DATA RECORDS -
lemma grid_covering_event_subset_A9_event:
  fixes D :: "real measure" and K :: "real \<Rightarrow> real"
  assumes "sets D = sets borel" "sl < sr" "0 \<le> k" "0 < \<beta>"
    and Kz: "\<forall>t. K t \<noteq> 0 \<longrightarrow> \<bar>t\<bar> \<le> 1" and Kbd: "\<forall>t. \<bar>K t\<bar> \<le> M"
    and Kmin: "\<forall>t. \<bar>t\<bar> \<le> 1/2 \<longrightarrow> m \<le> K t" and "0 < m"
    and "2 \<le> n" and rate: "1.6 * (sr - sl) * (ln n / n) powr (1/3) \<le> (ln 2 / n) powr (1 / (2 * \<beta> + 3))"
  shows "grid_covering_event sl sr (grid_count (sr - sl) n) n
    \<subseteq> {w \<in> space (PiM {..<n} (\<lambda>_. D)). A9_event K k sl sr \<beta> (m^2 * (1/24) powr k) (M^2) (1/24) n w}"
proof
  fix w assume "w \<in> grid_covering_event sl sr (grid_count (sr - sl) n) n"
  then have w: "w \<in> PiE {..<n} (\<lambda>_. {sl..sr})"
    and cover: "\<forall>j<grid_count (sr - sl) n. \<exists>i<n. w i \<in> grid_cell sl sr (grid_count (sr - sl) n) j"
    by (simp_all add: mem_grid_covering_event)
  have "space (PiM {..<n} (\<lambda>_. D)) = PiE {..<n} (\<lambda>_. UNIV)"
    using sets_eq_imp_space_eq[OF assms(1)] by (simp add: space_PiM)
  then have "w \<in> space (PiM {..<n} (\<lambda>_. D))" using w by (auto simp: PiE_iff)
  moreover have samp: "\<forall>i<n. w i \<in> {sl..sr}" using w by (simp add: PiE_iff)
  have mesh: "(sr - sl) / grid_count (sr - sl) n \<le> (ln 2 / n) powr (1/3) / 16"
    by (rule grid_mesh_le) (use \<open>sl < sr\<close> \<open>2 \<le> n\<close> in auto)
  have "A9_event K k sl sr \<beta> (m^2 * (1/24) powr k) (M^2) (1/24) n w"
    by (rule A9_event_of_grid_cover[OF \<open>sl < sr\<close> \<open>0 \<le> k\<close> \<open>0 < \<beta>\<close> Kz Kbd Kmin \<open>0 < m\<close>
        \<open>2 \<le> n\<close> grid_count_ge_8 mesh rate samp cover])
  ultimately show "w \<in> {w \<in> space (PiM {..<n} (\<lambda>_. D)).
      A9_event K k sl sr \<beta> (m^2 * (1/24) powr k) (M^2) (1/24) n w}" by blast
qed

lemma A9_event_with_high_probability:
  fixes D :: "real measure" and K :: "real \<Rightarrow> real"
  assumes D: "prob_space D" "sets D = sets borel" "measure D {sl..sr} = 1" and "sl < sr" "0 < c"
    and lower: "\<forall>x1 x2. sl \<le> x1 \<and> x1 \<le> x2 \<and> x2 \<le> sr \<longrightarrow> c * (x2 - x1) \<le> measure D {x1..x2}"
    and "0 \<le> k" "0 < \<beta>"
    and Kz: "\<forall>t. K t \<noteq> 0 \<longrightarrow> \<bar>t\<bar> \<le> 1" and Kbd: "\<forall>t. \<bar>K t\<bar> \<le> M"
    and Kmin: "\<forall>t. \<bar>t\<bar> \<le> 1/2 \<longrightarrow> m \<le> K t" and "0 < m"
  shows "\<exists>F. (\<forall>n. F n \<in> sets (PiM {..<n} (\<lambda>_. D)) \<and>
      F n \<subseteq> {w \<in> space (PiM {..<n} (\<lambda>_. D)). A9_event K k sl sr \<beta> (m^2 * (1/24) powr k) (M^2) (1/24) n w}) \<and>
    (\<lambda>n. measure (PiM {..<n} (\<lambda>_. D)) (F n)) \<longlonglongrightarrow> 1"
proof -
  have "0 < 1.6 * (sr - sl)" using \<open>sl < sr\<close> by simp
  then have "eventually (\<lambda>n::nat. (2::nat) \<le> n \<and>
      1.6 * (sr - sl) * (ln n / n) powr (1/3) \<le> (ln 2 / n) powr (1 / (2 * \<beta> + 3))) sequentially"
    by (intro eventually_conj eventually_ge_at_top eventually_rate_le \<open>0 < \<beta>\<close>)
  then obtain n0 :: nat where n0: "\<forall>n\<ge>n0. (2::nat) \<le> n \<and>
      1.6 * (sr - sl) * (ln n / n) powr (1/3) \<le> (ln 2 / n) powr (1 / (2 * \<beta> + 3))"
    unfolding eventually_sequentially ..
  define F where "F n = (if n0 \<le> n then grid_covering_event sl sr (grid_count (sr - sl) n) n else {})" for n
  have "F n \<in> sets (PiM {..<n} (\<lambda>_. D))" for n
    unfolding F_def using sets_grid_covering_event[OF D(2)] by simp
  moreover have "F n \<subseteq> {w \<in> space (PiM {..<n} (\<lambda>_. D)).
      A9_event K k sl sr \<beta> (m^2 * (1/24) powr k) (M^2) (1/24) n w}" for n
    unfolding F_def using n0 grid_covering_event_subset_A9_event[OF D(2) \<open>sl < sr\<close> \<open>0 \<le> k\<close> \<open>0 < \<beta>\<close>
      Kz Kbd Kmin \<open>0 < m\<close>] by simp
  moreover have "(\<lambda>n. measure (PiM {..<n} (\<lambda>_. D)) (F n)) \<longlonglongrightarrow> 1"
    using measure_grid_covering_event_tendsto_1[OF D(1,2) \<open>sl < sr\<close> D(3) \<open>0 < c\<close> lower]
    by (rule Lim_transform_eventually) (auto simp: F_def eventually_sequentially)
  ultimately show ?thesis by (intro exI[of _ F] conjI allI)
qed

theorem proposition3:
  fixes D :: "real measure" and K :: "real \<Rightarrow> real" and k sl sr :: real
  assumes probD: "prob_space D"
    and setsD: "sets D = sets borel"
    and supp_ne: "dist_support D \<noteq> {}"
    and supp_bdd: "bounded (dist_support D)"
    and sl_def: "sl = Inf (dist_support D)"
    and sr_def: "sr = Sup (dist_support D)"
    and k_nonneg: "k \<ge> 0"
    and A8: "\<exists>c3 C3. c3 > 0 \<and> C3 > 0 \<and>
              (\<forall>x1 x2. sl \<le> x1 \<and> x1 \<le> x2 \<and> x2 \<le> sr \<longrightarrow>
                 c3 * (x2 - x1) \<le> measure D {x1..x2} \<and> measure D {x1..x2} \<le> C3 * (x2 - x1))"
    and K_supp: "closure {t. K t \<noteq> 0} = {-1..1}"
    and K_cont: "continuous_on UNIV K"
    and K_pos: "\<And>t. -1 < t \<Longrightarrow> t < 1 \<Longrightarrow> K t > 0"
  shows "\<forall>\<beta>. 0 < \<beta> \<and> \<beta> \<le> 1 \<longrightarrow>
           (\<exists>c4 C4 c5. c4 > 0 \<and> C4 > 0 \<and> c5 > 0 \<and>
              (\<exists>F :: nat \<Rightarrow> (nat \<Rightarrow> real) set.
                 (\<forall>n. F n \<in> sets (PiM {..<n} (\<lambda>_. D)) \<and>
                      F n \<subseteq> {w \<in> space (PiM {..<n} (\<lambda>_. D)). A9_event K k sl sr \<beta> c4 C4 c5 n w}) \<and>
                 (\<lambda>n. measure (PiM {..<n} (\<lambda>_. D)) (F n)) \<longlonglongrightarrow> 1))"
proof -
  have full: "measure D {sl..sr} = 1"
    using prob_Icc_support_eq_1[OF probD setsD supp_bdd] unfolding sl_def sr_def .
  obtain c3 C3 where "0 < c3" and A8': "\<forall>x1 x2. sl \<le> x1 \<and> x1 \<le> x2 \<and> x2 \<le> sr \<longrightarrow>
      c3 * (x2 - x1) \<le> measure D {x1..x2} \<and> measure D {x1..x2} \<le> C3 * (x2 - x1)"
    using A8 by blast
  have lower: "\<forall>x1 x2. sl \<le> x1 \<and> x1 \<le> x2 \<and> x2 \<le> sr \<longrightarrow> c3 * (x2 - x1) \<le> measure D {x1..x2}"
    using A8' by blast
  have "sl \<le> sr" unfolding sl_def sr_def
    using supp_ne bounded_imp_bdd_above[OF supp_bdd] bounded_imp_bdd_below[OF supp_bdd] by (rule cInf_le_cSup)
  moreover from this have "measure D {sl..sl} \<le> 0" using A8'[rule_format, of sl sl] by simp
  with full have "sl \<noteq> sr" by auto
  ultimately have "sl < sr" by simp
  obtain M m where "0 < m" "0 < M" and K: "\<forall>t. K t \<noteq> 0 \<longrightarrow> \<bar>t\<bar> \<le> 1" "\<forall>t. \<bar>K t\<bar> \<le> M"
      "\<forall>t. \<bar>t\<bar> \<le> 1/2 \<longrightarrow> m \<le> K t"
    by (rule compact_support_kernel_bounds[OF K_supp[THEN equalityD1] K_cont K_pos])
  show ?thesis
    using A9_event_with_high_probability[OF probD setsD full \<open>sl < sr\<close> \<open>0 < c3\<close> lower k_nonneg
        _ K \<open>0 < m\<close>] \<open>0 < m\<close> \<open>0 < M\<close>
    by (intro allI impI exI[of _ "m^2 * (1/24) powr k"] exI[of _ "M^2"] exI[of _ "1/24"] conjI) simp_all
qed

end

* * *

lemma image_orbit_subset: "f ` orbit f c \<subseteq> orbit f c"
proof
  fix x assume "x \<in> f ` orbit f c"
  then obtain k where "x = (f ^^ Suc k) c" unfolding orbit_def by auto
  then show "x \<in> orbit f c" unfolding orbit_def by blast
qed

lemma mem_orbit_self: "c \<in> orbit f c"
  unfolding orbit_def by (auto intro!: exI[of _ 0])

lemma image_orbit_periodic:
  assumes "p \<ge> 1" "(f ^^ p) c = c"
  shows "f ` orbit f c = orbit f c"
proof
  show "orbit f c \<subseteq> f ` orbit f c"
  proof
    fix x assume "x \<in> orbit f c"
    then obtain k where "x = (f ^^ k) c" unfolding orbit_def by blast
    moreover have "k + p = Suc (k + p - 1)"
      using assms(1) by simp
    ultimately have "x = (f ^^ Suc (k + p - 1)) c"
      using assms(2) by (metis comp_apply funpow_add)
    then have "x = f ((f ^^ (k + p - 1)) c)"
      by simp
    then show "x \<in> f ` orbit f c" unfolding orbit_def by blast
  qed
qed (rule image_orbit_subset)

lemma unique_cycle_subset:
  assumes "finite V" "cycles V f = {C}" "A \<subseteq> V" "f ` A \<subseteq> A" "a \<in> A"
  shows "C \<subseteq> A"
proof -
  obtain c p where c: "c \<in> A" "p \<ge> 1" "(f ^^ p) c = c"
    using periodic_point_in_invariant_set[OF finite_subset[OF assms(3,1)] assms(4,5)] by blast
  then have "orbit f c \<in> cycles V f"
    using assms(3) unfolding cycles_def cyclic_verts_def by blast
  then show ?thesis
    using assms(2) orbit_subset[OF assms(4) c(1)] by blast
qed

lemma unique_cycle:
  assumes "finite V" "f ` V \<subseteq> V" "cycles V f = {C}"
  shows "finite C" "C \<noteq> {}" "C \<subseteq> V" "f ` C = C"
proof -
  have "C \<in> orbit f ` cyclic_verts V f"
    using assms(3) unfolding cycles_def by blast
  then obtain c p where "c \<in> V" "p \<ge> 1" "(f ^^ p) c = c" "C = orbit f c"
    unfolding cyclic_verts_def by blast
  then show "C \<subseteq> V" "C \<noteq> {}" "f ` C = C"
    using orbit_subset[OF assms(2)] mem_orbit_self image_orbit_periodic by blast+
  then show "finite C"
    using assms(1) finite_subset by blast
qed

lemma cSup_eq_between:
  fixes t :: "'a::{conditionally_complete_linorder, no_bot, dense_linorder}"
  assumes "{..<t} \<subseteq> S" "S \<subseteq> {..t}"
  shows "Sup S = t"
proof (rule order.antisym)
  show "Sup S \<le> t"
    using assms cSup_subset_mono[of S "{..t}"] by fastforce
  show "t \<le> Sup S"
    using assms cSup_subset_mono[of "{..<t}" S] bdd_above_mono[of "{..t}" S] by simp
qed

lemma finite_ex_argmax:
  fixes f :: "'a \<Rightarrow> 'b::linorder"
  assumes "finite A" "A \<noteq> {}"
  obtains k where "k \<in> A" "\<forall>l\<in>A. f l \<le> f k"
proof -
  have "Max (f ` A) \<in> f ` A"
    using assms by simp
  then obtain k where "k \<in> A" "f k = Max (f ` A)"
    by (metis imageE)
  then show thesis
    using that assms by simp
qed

INSTRUCTIONS FOR THE TASK - A copy of each line in the data above that holds the string "real" is needed.

RESULT OF THIS EXERCISE -
  fixes D :: "real measure" and K :: "real \<Rightarrow> real"
  fixes D :: "real measure" and K :: "real \<Rightarrow> real"
  fixes D :: "real measure" and K :: "real \<Rightarrow> real" and k sl sr :: real
              (\<exists>F :: nat \<Rightarrow> (nat \<Rightarrow> real) set.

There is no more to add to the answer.